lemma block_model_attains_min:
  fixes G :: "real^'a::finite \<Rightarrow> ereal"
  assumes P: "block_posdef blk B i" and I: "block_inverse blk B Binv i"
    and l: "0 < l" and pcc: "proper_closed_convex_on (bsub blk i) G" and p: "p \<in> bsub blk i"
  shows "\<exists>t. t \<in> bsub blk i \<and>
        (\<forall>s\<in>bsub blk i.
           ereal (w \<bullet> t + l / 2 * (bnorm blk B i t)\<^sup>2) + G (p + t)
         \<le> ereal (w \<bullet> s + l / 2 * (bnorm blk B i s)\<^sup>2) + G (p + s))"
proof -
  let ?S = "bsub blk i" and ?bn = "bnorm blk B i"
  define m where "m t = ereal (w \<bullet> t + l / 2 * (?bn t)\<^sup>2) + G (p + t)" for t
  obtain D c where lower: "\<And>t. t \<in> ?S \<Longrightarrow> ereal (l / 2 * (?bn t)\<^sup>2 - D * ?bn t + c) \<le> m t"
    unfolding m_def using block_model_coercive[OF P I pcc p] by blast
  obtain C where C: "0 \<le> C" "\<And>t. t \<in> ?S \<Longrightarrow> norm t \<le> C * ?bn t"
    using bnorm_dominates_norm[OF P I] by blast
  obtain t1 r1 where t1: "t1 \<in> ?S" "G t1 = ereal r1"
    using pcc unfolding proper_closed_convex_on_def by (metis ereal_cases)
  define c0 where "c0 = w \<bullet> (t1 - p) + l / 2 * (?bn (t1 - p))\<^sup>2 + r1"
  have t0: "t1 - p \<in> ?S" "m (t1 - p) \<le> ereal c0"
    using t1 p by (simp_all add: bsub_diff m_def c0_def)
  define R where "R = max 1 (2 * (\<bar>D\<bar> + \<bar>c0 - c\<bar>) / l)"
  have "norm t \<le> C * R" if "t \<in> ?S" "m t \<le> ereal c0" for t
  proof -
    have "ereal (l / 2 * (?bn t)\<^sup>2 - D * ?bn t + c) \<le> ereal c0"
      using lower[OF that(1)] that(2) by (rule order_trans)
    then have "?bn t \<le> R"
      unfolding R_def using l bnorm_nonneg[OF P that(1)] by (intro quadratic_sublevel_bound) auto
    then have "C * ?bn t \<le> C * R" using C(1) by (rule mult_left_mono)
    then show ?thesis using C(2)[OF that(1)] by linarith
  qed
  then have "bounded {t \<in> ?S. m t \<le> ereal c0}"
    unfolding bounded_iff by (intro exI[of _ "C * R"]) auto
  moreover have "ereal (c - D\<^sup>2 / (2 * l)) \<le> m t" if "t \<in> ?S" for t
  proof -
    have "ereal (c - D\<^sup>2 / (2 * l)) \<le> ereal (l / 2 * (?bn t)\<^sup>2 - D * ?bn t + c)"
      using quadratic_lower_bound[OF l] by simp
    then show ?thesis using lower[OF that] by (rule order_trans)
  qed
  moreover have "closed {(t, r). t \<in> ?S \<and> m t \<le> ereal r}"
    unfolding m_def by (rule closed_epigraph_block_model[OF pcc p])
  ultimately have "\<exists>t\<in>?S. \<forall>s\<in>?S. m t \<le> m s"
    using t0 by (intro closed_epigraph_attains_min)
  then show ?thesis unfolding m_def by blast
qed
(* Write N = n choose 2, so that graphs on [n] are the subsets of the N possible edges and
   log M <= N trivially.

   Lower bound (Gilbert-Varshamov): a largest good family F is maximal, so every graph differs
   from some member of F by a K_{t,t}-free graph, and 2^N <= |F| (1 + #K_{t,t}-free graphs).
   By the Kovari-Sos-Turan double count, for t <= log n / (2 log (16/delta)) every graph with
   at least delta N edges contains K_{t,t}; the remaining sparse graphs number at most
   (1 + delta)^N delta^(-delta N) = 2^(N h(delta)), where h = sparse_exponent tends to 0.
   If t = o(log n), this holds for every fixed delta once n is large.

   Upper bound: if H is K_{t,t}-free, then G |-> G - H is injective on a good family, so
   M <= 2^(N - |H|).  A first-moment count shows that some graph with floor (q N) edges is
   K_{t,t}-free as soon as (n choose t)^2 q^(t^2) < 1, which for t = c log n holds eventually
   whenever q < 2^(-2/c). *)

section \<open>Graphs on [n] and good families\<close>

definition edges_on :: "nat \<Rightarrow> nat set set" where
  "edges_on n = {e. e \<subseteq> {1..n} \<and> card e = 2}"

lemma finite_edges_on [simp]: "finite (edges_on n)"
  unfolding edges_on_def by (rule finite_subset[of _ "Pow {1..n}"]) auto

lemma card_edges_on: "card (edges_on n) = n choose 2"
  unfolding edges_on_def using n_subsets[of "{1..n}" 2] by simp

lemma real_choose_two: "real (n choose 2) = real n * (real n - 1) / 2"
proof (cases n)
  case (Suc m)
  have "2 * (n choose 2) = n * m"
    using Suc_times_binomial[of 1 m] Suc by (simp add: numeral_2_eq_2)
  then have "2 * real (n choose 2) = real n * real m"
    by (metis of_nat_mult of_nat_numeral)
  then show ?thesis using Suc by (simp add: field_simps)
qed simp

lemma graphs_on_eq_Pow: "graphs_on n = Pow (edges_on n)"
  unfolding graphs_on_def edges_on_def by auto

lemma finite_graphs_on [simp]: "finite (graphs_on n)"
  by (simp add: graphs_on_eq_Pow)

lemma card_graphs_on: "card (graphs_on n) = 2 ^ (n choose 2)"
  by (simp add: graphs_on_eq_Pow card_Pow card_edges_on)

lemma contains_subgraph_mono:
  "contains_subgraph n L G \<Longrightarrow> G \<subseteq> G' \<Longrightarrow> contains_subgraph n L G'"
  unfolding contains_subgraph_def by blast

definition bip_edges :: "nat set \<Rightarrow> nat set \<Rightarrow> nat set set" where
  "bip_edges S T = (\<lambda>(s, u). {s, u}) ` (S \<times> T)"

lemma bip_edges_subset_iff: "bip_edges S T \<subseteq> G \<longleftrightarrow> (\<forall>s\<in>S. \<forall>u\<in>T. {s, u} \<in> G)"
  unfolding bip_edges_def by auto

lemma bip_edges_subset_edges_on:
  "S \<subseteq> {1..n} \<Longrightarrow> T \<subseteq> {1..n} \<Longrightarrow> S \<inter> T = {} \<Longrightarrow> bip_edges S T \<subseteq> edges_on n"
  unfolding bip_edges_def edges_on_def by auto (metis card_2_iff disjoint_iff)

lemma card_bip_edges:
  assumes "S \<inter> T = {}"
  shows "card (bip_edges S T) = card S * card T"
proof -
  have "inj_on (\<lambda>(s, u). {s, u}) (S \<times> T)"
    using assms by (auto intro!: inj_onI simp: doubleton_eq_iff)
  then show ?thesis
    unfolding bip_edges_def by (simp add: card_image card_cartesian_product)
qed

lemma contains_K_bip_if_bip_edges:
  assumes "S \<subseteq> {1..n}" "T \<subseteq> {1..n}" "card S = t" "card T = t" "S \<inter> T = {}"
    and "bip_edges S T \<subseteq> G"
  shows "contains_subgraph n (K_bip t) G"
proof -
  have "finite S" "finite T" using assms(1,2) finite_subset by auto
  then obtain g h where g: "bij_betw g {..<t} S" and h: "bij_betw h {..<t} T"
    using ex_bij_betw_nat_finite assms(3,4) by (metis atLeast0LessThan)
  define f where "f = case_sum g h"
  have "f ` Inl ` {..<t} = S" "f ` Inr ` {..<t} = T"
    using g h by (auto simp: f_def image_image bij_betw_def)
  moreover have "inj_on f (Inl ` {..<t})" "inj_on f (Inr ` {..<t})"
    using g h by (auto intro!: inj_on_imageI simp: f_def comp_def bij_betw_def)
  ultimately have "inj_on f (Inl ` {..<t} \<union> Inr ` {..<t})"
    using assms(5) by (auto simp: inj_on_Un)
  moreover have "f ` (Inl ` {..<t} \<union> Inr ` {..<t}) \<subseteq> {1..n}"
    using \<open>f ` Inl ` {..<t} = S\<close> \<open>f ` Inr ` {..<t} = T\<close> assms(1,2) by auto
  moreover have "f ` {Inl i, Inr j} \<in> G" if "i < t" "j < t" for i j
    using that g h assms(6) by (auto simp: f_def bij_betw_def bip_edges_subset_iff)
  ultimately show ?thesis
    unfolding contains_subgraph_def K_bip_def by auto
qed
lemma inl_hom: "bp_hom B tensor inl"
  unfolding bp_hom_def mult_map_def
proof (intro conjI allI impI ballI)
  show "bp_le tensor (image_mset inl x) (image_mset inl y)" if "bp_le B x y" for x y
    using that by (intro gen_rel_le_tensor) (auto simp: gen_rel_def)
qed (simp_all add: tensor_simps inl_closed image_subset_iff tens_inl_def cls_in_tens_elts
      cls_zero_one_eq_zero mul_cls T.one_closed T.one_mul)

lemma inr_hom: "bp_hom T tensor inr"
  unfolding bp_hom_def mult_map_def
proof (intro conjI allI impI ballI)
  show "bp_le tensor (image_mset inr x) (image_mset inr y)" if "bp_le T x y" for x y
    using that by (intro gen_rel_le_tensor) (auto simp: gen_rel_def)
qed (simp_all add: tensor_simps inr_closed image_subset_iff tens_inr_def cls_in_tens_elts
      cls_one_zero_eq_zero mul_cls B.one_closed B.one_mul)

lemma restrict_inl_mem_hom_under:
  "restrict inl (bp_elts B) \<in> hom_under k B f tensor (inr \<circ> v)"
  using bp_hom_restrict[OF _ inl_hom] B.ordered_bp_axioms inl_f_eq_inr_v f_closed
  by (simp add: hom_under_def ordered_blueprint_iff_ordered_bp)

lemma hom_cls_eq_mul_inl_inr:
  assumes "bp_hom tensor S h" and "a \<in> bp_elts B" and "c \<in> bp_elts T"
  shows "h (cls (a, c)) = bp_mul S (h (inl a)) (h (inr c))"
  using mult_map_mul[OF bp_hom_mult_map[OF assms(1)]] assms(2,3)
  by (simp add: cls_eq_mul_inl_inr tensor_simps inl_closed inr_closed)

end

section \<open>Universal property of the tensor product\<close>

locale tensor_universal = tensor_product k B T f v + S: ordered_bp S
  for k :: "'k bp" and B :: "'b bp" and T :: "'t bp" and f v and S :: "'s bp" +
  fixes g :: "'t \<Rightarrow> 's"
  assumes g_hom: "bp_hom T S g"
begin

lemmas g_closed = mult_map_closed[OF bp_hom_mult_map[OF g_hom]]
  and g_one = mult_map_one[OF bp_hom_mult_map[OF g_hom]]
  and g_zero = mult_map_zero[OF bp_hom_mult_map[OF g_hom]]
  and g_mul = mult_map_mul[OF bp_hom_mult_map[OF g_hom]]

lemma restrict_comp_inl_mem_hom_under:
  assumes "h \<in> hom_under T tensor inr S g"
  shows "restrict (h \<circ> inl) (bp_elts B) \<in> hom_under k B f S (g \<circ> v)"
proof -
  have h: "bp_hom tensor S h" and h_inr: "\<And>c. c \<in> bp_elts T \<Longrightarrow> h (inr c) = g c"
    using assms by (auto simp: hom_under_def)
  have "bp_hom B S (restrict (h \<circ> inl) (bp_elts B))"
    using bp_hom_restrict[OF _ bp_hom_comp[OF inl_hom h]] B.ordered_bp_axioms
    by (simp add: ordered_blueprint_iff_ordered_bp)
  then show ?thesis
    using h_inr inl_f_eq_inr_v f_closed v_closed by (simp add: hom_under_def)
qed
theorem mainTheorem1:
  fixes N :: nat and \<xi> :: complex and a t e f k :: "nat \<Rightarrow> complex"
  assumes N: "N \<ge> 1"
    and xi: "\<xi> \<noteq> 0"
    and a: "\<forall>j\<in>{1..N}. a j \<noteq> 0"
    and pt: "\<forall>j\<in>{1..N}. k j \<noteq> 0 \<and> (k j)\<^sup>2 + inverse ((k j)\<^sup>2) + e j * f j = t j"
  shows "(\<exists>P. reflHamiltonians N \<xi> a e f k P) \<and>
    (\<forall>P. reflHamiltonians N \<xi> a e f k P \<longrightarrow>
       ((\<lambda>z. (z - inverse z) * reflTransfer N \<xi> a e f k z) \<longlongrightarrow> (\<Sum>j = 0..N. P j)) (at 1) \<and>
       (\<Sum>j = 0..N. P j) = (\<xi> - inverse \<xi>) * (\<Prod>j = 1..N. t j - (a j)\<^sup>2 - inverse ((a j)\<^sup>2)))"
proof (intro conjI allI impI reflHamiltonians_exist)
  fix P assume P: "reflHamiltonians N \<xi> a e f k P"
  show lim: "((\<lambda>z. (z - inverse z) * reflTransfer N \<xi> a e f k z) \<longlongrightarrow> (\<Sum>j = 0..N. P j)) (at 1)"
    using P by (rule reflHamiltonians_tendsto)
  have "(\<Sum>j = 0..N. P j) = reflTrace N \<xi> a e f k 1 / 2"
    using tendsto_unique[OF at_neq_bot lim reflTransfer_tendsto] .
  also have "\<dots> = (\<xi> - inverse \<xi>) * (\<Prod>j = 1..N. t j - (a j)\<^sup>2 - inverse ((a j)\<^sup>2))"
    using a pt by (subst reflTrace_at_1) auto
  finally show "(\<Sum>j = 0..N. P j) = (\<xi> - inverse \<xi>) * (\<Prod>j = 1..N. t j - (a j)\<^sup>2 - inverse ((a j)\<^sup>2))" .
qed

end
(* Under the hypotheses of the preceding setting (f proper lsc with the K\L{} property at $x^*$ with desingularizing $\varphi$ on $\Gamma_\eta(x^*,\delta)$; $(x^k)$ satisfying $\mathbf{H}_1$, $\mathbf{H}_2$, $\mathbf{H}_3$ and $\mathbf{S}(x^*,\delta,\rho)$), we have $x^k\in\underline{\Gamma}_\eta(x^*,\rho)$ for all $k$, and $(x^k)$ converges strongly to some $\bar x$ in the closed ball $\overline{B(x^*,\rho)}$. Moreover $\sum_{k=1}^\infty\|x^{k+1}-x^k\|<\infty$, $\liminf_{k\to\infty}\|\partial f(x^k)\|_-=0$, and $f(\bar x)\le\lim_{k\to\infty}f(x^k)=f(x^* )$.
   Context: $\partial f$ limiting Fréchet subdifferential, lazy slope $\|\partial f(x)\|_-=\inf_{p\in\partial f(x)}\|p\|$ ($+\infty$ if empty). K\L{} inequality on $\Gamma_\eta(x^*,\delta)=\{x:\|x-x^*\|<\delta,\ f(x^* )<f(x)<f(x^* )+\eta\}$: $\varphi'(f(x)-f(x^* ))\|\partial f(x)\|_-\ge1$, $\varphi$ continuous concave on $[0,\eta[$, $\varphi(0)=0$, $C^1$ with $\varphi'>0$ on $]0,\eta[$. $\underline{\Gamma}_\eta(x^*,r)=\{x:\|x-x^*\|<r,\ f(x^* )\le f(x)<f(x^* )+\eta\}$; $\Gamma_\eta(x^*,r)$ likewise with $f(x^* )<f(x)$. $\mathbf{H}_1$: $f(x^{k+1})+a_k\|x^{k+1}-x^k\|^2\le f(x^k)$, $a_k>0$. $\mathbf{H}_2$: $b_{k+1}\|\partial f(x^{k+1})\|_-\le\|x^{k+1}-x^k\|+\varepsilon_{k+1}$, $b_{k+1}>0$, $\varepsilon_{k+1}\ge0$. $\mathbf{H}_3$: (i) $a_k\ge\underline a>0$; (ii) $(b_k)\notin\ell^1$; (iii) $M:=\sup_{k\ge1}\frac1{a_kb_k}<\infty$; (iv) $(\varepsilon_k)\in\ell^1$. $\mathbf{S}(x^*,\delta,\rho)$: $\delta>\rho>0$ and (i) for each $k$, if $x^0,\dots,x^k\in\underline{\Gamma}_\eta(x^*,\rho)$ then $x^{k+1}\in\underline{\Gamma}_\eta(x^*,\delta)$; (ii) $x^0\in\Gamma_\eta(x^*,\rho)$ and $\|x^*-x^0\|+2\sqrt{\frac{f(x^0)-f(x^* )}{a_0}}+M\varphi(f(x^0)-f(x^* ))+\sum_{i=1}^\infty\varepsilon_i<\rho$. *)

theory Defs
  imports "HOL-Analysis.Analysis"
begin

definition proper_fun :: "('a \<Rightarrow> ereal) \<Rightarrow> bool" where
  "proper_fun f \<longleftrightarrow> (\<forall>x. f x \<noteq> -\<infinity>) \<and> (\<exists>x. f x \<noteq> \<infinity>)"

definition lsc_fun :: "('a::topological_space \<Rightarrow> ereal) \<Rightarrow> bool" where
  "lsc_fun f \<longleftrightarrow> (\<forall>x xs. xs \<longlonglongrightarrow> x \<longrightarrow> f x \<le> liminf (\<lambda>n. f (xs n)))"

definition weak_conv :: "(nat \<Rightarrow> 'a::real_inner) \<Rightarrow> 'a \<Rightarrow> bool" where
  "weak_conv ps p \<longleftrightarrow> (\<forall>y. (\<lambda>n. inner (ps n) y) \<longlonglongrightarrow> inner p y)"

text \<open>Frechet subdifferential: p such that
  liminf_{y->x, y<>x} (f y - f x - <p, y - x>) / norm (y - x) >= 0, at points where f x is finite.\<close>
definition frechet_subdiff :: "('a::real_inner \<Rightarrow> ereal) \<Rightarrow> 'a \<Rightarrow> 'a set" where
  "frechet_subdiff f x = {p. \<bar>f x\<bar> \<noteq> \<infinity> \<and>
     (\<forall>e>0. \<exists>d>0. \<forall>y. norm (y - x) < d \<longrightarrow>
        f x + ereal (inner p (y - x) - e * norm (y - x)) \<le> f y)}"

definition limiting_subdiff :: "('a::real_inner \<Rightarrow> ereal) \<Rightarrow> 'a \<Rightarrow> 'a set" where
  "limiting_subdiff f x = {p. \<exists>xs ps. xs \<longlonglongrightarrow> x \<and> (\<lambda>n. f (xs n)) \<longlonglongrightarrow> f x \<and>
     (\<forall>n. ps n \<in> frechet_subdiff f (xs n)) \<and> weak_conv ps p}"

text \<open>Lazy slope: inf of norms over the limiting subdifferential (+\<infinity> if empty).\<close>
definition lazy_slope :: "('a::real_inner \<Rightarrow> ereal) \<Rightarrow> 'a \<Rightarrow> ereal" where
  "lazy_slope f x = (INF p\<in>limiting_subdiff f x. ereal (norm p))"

......

Search the data above and return each line in which "shows" occurs.

  shows "\<exists>t. t \<in> bsub blk i \<and>
   M <= 2^(N - |H|).  A first-moment count shows that some graph with floor (q N) edges is
  shows "card (bip_edges S T) = card S * card T"
  shows "contains_subgraph n (K_bip t) G"
  shows "h (cls (a, c)) = bp_mul S (h (inl a)) (h (inr c))"
  shows "restrict (h \<circ> inl) (bp_elts B) \<in> hom_under k B f S (g \<circ> v)"
  shows "(\<exists>P. reflHamiltonians N \<xi> a e f k P) \<and>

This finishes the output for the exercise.